The attempted bombing of a Northwest Airlines flight on Christmas Day shocked Americans back into the reality that there are still people in other places of the world who do not like us very much, and will stop at nothing to do us harm. This was particularly poignant to me, as I prepare for a trans-Pacific flight within the next several weeks.

I used to love to fly.
I still love the exhilaration as the aircraft shrugs free of earth’s embrace, and the turbulence vibration smoothes to a slick-skinned whine as the landing gear retracts into their wells. I like looking up the aisle at the cabin, tilted sharply as the silver bird climbs and banks towards an unseen coordinate on the globe, over the horizon—or on my next journey, to a corner of the world I’ve never visited before.
That’s sexy.

Getting on that aircraft next month is going to be brutal.
Weathering an 8-hour flight will be grueling for my Bride and I, both recovering from major surgeries—her’s more recent—that make being confined in a small space for a long period of time more than just uncomfortable.

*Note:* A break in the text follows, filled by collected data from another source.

lemma thr_le_Qbar: "1 \<le> i \<Longrightarrow> i \<le> l \<Longrightarrow> thr i \<le> Qb"
proof -
  have "0 \<le> w l * cum (Suc l) / c"
    using w_last_nonneg cum_Suc_pos[of l] l_pos c_pos by simp
  then show "1 \<le> i \<Longrightarrow> i \<le> l \<Longrightarrow> thr i \<le> Qb"
    using Qbar_minus_thr_last thr_mono[of i l] by simp
qed

lemma thr_less_Qbar: "1 \<le> i \<Longrightarrow> i < l \<Longrightarrow> thr i < Qb"
  using thr_strict_mono[of i l] thr_le_Qbar[of l] l_pos by simp

lemma thr_bracket:
  assumes "0 \<le> Q"
  obtains k where "1 \<le> k" "k \<le> l" "thr k \<le> Q" "k < l \<Longrightarrow> Q < thr (Suc k)"
proof -
  define K where "K = {m\<in>{1..l}. thr m \<le> Q}"
  have "finite K" "1 \<in> K"
    unfolding K_def using l_pos thr_one assms by auto
  then have "Max K \<in> K" and above: "\<And>m. m \<in> K \<Longrightarrow> m \<le> Max K"
    using Max_in by auto
  moreover have "Q < thr (Suc (Max K))" if "Max K < l"
    using above[of "Suc (Max K)"] that unfolding K_def by fastforce
  ultimately show ?thesis using that unfolding K_def by auto
qed

lemma steady_profileD:
  assumes "steady_profile l mu w lam c Q r x"
  shows "0 \<le> Q" and "Q < Qb \<Longrightarrow> r = lam" and "Q = Qb \<Longrightarrow> r \<le> lam"
    and "Qb < Q \<Longrightarrow> r = 0" and "r = (\<Sum>i\<in>{1..l}. x i)"
    and "1 \<le> i \<Longrightarrow> i \<le> l \<Longrightarrow> Q < thr i \<Longrightarrow> x i = 0"
    and "1 \<le> i \<Longrightarrow> i \<le> l \<Longrightarrow> thr i < Q \<Longrightarrow> x i = mu i"
    and "1 \<le> i \<Longrightarrow> i \<le> l \<Longrightarrow> 0 \<le> x i \<and> x i \<le> mu i"
  using assms mu_pos[of i] unfolding steady_profile_def
  by (auto intro: less_imp_le)

lemma profile_rate_le_total:
  assumes "steady_profile l mu w lam c Q r x"
  shows "r \<le> cum (Suc l)"
proof -
  have "r = (\<Sum>i\<in>{1..l}. x i)" using steady_profileD(5)[OF assms] .
  also have "\<dots> \<le> (\<Sum>i\<in>{1..l}. mu i)"
    by (rule sum_mono) (use steady_profileD(8)[OF assms] in auto)
  finally show ?thesis by (simp only: total_rate_eq_cum)
qed

text \<open>Beyond \<open>Qbar\<close> nobody joins, yet the trip to destination 1 is dispatched at full rate.\<close>
lemma profile_le_Qbar:
  assumes P: "steady_profile l mu w lam c Q r x"
  shows "Q \<le> Qb"
proof (rule ccontr)
  assume "\<not> Q \<le> Qb"
  then have "r = 0" and "thr 1 < Q"
    using steady_profileD(4)[OF P] thr_le_Qbar[of 1] l_pos by auto
  then have "x 1 = mu 1" "0 < mu 1"
    using steady_profileD(7)[OF P] mu_pos l_pos by auto
  moreover have "x 1 \<le> r"
    unfolding steady_profileD(5)[OF P]
    by (rule member_le_sum) (use steady_profileD(8)[OF P] l_pos in auto)
  ultimately show False using \<open>r = 0\<close> by simp
qed

lemma profile_rate_le_arrival:
  assumes "steady_profile l mu w lam c Q r x"
  shows "r \<le> lam"
  using profile_le_Qbar[OF assms] steady_profileD(2,3)[OF assms] by fastforce

lemma profile_rate_bracket:
  assumes P: "steady_profile l mu w lam c Q r x"
    and k: "1 \<le> k" "k \<le> l" "thr k \<le> Q" "k < l \<Longrightarrow> Q < thr (Suc k)"
  shows "r = cum k + x k"
proof -
  have "r = (\<Sum>m\<in>{1..<Suc l}. x m)"
    using steady_profileD(5)[OF P] by (simp add: atLeastLessThanSuc_atLeastAtMost)
  also have "\<dots> = (\<Sum>m\<in>{1..<k}. x m) + x k + (\<Sum>m\<in>{Suc k..<Suc l}. x m)"
    using k sum.atLeastLessThan_concat[of 1 k "Suc l" x] sum.atLeast_Suc_lessThan[of k "Suc l" x]
    by simp
  also have "(\<Sum>m\<in>{1..<k}. x m) = cum k"
    using thr_strict_mono[of _ k] k by (intro sum.cong refl steady_profileD(7)[OF P]) force+
  also have "(\<Sum>m\<in>{Suc k..<Suc l}. x m) = 0"
    using thr_mono[of "Suc k"] k by (intro sum.neutral ballI steady_profileD(6)[OF P]) force+
  finally show ?thesis by simp
qed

I chortle when I hear politicians spouting off about making air travel safe(er) for Americans. Most of them haven’t a clue. Just this past weekend, one of the more visible members of Congress, Rep. Sheila Jackson-Lee from Houston’s 18th District, provided The Houston Chronicle with a rambling, self-congratulatory chest-thumper editorial that made me want to grab for a barf-bag.

The Congresswoman correctly stated, two-paragraphs in, that the federal government’s responsibility is to protect Americans, and urged President Obama to make a recess appointment for a leader at the Transportation Safety Administration.
Good for her.

She could have stopped there, but went on for several more column-inches, promising to study and assess the situation, draft new legislation, and basically introduce a bunch of new laws and rules to better address terrorism.
Really?

We’ve already got laws on the books; we’ve already got procedures—some of which, frankly, are just a little moronic, and some of which, it has now been disclosed, would NOT have detected nor deterred Umar Farouk Abdulmutallab in his diabolical plan on Christmas Day.
Wake up, Ms. Jackson-Lee.

Only when the politicians stop politicizing the problems can we start really fighting our common enemies. I love it that the Transportation Security Administration (the guys Jackson-Lee is concerned has no leader) drafted new rules that take affect Sunday at midnight.

Here’s what we’re going to do:
Every passenger from countries on the State Sponsors of Terrorism list and “countries of interest,” including Nigeria, Pakistan, and Yemen, will be patted down and have their belongings searched. All travelers entering the U.S. from a foreign country will be subject to tightened random screening.
These are rules that were already in place, just not being enforced.

The TSA says a much higher percentage of travelers will be screening, including advanced explosives detection and, where it’s available, advanced imaging technology will also be used. Smile and spread ‘em.

In other words, if it walks like a duck, acts like a duck, and comes from Duckville, there is a high probability it is a duck. About freaking time we started looking harder at the people who want to do us harm, including where they come from, what commonalities they share in language, appearance, and demeanor.

There is no excuse for not enforcing rules already in place to protect the American people; and, why write new one's if the old one's aren't going to be observed?